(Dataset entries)
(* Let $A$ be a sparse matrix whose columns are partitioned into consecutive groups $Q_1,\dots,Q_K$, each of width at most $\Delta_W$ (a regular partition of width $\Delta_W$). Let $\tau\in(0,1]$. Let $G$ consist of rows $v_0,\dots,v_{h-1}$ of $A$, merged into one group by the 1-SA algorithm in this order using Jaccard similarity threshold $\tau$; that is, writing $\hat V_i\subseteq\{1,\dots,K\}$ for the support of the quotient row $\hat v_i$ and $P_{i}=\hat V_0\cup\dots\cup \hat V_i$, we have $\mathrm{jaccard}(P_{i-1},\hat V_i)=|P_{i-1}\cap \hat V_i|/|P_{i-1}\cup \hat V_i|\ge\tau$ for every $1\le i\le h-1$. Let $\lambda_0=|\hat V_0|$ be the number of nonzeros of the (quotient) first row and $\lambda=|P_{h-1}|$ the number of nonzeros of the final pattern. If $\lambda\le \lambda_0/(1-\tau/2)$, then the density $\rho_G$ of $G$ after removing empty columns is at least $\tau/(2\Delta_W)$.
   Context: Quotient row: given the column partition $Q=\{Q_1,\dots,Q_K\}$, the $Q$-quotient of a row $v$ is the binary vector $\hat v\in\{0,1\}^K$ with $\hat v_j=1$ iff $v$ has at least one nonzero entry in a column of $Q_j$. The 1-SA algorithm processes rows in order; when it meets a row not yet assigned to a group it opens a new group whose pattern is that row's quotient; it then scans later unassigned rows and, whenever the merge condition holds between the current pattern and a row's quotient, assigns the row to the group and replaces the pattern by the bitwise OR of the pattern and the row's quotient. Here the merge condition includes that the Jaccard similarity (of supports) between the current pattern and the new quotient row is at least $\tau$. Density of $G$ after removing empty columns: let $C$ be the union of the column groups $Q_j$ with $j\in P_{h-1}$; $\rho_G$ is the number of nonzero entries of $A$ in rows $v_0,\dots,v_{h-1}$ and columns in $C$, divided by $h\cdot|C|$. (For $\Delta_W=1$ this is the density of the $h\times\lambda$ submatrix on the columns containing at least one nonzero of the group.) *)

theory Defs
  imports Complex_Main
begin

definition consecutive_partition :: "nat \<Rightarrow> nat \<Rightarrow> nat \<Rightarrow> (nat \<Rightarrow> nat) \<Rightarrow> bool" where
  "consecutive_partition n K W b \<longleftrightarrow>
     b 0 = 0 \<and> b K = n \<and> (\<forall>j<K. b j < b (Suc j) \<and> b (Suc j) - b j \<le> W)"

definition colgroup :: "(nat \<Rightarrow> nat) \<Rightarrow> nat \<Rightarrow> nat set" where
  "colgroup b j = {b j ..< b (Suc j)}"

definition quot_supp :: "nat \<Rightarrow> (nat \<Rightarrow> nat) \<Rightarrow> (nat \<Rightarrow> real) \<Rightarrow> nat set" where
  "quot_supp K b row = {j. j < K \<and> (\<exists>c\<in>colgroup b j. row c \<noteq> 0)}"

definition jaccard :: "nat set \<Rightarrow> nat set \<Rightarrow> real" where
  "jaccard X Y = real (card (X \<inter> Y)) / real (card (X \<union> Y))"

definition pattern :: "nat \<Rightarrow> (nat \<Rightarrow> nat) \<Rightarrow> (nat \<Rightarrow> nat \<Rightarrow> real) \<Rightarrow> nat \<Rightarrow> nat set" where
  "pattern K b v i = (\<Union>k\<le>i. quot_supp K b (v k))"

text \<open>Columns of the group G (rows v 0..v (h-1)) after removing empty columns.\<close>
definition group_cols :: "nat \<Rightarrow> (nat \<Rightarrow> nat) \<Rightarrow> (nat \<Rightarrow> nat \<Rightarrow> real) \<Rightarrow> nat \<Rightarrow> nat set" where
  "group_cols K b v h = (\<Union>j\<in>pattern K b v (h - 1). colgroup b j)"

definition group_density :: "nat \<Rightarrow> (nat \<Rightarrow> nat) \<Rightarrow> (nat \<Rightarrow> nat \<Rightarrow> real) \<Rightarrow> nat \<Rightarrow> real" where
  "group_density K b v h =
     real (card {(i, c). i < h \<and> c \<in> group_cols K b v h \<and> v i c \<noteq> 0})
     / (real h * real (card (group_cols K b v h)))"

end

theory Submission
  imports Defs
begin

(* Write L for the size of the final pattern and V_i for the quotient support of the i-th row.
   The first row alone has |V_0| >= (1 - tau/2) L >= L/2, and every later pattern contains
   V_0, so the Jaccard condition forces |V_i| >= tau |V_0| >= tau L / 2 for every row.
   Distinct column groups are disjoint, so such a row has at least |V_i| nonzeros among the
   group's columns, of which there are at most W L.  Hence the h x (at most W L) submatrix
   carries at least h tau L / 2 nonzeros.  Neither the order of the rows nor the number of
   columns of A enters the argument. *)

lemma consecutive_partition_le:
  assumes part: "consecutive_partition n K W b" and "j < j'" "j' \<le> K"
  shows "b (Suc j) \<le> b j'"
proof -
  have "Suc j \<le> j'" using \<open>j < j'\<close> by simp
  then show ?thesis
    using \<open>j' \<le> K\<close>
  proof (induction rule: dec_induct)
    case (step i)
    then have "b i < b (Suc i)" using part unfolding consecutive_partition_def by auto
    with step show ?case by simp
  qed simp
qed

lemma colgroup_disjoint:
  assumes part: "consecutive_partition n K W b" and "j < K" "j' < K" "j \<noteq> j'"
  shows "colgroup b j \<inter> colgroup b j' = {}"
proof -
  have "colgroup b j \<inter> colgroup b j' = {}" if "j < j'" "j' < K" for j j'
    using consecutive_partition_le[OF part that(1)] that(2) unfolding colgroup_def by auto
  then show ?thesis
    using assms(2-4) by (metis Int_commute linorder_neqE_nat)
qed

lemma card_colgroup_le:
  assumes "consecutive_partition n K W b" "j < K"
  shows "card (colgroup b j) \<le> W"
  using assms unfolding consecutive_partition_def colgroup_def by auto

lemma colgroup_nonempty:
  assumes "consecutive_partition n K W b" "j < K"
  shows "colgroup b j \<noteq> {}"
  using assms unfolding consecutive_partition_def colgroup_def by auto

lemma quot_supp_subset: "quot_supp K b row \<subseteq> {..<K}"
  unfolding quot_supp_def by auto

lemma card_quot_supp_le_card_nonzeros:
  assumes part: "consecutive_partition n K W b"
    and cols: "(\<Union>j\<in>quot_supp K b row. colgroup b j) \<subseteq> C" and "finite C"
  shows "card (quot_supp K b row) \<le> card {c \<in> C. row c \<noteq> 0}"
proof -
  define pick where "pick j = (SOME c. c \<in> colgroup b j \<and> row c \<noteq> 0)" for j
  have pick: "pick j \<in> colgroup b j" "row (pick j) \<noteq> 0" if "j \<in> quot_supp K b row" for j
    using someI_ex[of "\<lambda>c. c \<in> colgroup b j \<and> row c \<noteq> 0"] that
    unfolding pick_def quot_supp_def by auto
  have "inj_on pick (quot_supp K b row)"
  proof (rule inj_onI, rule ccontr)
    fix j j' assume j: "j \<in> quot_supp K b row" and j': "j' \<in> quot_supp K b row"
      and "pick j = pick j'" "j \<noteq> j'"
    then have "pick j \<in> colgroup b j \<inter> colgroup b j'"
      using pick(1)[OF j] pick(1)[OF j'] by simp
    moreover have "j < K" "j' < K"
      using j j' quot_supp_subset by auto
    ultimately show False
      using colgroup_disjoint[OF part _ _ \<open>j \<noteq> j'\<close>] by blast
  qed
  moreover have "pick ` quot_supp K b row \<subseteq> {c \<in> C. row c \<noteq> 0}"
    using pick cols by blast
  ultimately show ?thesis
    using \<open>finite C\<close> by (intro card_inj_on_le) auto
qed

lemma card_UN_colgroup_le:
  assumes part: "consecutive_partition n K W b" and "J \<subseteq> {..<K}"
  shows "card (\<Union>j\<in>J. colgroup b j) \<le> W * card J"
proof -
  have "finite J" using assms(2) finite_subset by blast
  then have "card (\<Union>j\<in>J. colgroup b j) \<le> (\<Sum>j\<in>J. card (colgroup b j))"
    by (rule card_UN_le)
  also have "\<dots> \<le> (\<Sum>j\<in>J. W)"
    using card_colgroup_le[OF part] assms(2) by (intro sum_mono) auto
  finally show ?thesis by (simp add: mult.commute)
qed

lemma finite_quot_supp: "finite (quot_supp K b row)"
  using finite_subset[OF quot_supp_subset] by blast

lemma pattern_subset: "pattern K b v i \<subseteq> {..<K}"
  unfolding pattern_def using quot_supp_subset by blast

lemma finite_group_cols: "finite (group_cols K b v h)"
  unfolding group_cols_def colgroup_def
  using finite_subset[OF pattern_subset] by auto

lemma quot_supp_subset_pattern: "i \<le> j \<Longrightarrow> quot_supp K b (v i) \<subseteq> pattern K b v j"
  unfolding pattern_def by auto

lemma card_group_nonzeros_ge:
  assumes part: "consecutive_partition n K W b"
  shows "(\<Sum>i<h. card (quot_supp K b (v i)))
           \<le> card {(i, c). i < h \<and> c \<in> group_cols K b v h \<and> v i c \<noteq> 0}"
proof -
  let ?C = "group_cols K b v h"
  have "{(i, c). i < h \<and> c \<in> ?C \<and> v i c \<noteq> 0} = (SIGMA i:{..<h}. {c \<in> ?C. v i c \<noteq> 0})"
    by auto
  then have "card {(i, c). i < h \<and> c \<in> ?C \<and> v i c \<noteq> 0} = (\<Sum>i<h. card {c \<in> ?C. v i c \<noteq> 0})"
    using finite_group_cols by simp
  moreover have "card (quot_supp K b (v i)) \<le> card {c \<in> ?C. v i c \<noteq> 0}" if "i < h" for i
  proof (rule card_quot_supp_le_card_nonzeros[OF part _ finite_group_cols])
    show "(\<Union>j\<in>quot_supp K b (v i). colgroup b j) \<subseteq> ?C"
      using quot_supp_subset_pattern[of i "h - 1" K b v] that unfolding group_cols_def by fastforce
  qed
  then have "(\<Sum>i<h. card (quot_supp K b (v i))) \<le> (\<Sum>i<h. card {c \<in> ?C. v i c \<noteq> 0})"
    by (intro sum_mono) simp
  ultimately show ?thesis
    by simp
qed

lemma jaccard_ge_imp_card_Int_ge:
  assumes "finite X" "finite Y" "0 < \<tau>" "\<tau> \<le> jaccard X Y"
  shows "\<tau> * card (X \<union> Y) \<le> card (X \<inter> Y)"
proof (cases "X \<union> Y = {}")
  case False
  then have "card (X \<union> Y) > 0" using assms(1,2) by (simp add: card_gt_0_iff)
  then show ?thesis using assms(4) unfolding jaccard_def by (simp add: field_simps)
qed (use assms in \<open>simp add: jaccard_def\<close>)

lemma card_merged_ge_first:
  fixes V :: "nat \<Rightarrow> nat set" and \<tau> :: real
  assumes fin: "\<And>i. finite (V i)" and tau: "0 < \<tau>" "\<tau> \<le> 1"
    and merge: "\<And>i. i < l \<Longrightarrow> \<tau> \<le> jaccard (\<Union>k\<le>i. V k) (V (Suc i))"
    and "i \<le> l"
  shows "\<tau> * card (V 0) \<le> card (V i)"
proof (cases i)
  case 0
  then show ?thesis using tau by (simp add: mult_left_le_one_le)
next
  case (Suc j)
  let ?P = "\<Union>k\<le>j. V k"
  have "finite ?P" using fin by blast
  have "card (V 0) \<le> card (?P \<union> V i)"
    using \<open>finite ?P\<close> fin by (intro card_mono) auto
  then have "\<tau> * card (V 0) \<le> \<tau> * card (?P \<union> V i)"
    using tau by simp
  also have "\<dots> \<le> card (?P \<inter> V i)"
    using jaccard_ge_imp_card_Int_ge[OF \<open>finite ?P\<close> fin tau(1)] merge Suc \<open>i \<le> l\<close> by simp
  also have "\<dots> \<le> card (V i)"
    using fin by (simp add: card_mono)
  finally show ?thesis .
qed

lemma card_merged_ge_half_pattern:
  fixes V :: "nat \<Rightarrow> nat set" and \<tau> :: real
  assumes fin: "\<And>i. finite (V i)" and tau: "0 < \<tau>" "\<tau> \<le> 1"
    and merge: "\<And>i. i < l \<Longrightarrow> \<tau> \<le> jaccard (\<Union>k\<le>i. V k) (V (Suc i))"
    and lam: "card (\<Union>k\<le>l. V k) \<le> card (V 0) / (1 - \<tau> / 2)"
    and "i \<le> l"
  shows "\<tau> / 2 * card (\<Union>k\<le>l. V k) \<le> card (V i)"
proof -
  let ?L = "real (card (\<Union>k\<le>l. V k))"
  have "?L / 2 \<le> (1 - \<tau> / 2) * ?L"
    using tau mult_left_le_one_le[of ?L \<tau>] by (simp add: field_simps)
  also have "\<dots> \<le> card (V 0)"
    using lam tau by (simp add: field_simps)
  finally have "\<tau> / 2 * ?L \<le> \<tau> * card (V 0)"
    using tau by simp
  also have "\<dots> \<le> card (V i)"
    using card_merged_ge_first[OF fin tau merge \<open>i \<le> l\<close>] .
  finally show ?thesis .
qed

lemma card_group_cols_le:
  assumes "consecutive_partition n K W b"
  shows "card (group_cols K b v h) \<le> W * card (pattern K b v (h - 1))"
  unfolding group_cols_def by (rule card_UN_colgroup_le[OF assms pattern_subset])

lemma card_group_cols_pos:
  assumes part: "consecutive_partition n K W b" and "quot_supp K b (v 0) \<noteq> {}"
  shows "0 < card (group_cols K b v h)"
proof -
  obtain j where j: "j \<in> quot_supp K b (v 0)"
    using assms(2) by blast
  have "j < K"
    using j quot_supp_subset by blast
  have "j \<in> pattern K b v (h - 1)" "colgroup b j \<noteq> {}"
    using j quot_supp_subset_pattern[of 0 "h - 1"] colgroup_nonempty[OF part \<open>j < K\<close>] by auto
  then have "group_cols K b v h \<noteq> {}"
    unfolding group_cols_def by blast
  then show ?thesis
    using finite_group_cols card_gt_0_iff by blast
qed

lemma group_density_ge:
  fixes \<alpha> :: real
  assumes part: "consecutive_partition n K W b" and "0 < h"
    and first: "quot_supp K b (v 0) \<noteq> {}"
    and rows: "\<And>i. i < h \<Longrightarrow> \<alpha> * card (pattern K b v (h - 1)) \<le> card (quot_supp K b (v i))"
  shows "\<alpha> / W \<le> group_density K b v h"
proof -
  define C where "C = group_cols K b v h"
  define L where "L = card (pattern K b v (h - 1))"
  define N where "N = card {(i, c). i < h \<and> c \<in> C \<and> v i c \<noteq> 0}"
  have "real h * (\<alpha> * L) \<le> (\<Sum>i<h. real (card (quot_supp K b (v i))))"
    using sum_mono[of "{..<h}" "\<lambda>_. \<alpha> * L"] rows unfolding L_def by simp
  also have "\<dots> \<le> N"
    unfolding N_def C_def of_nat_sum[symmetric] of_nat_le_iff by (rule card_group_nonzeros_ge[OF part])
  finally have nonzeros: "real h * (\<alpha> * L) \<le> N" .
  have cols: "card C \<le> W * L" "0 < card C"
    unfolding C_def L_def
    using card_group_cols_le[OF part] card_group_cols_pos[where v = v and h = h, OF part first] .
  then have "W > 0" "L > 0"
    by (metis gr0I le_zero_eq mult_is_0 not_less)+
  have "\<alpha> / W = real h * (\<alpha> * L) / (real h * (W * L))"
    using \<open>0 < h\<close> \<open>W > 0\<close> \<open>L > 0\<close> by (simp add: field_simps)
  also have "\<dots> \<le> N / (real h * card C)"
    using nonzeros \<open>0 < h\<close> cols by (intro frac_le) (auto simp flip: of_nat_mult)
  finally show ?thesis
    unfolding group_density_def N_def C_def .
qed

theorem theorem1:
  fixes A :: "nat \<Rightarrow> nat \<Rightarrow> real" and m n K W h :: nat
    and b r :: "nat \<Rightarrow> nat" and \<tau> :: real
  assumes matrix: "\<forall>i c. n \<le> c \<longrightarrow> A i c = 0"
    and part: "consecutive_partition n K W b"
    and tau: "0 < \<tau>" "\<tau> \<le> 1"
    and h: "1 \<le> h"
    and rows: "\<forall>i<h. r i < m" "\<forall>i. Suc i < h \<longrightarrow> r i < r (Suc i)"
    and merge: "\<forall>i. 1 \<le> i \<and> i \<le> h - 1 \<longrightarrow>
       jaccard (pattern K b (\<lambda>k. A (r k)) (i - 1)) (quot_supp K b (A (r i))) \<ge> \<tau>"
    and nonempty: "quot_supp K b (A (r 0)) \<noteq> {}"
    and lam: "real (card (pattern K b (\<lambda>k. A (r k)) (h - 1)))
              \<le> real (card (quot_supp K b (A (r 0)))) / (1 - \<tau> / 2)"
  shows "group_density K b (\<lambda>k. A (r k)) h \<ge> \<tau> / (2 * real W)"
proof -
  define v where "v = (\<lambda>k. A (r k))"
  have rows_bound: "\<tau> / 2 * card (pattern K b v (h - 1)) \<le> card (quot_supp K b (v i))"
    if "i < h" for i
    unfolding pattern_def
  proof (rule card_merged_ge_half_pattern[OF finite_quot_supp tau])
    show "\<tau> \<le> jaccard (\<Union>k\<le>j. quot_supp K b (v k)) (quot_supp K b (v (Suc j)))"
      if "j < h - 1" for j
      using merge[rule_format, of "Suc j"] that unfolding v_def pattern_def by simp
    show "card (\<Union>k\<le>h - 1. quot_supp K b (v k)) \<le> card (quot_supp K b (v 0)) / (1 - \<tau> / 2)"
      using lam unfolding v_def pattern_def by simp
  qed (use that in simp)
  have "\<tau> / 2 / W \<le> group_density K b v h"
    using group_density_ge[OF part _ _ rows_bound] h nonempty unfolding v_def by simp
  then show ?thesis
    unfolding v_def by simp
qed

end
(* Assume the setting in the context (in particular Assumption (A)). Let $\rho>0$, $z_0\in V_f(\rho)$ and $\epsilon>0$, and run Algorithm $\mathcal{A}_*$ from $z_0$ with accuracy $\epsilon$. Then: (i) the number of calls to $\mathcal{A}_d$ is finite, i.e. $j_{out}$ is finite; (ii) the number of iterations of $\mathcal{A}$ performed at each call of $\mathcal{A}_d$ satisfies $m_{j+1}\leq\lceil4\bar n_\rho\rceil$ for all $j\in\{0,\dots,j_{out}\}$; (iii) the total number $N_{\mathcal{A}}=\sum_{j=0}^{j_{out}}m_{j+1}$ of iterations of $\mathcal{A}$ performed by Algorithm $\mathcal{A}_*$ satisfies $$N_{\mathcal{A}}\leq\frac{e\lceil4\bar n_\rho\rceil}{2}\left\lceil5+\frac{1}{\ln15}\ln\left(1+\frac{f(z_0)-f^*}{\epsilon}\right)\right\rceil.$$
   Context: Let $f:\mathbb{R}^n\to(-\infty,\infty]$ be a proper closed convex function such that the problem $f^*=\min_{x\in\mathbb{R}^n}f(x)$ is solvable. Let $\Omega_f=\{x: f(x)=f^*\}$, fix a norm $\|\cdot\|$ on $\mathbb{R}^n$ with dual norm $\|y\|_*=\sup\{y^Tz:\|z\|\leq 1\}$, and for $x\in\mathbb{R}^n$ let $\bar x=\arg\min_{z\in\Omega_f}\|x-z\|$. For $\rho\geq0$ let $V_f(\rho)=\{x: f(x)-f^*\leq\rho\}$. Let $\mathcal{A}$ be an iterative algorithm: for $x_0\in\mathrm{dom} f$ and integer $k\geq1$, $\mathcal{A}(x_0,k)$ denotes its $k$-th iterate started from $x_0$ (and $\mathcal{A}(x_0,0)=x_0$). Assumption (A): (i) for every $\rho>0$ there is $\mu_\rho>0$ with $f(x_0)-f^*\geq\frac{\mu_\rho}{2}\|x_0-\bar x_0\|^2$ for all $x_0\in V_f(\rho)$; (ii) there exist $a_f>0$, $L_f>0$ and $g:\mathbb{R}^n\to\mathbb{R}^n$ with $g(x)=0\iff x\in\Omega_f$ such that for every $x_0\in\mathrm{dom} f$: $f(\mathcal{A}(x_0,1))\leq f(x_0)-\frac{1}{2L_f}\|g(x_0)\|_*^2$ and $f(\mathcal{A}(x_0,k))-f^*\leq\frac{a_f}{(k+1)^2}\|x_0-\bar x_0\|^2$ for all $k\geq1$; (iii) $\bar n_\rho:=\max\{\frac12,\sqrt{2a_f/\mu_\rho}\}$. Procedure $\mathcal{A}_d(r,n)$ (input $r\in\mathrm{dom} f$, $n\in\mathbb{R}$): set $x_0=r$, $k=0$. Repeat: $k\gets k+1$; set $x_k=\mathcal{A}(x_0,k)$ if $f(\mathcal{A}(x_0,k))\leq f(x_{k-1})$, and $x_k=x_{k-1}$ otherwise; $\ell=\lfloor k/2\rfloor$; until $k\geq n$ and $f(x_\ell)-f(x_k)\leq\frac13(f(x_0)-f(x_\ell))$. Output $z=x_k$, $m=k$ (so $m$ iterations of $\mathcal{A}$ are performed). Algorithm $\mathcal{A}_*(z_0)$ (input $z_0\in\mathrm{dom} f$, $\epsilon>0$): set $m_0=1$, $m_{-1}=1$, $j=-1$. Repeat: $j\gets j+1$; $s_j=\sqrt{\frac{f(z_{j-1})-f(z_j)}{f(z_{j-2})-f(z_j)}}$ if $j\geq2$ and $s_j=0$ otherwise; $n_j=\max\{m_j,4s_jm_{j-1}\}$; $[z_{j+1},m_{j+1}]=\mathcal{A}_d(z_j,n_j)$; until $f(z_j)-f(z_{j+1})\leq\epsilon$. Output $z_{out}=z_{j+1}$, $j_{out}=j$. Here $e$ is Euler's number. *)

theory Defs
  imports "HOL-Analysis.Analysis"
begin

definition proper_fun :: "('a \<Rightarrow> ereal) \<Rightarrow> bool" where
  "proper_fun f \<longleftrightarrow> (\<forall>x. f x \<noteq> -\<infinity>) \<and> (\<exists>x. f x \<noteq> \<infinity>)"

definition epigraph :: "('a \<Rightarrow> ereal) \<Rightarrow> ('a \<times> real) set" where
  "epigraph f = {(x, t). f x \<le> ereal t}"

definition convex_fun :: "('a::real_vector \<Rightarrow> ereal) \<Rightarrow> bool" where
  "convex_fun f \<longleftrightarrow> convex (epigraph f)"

• **DIRECTIONS**
The answer must consist of every line from the data that contains the word "metis".

• **ANSWER SECTION**
    using assms(2-4) by (metis Int_commute linorder_neqE_nat)
    by (metis gr0I le_zero_eq mult_is_0 not_less)+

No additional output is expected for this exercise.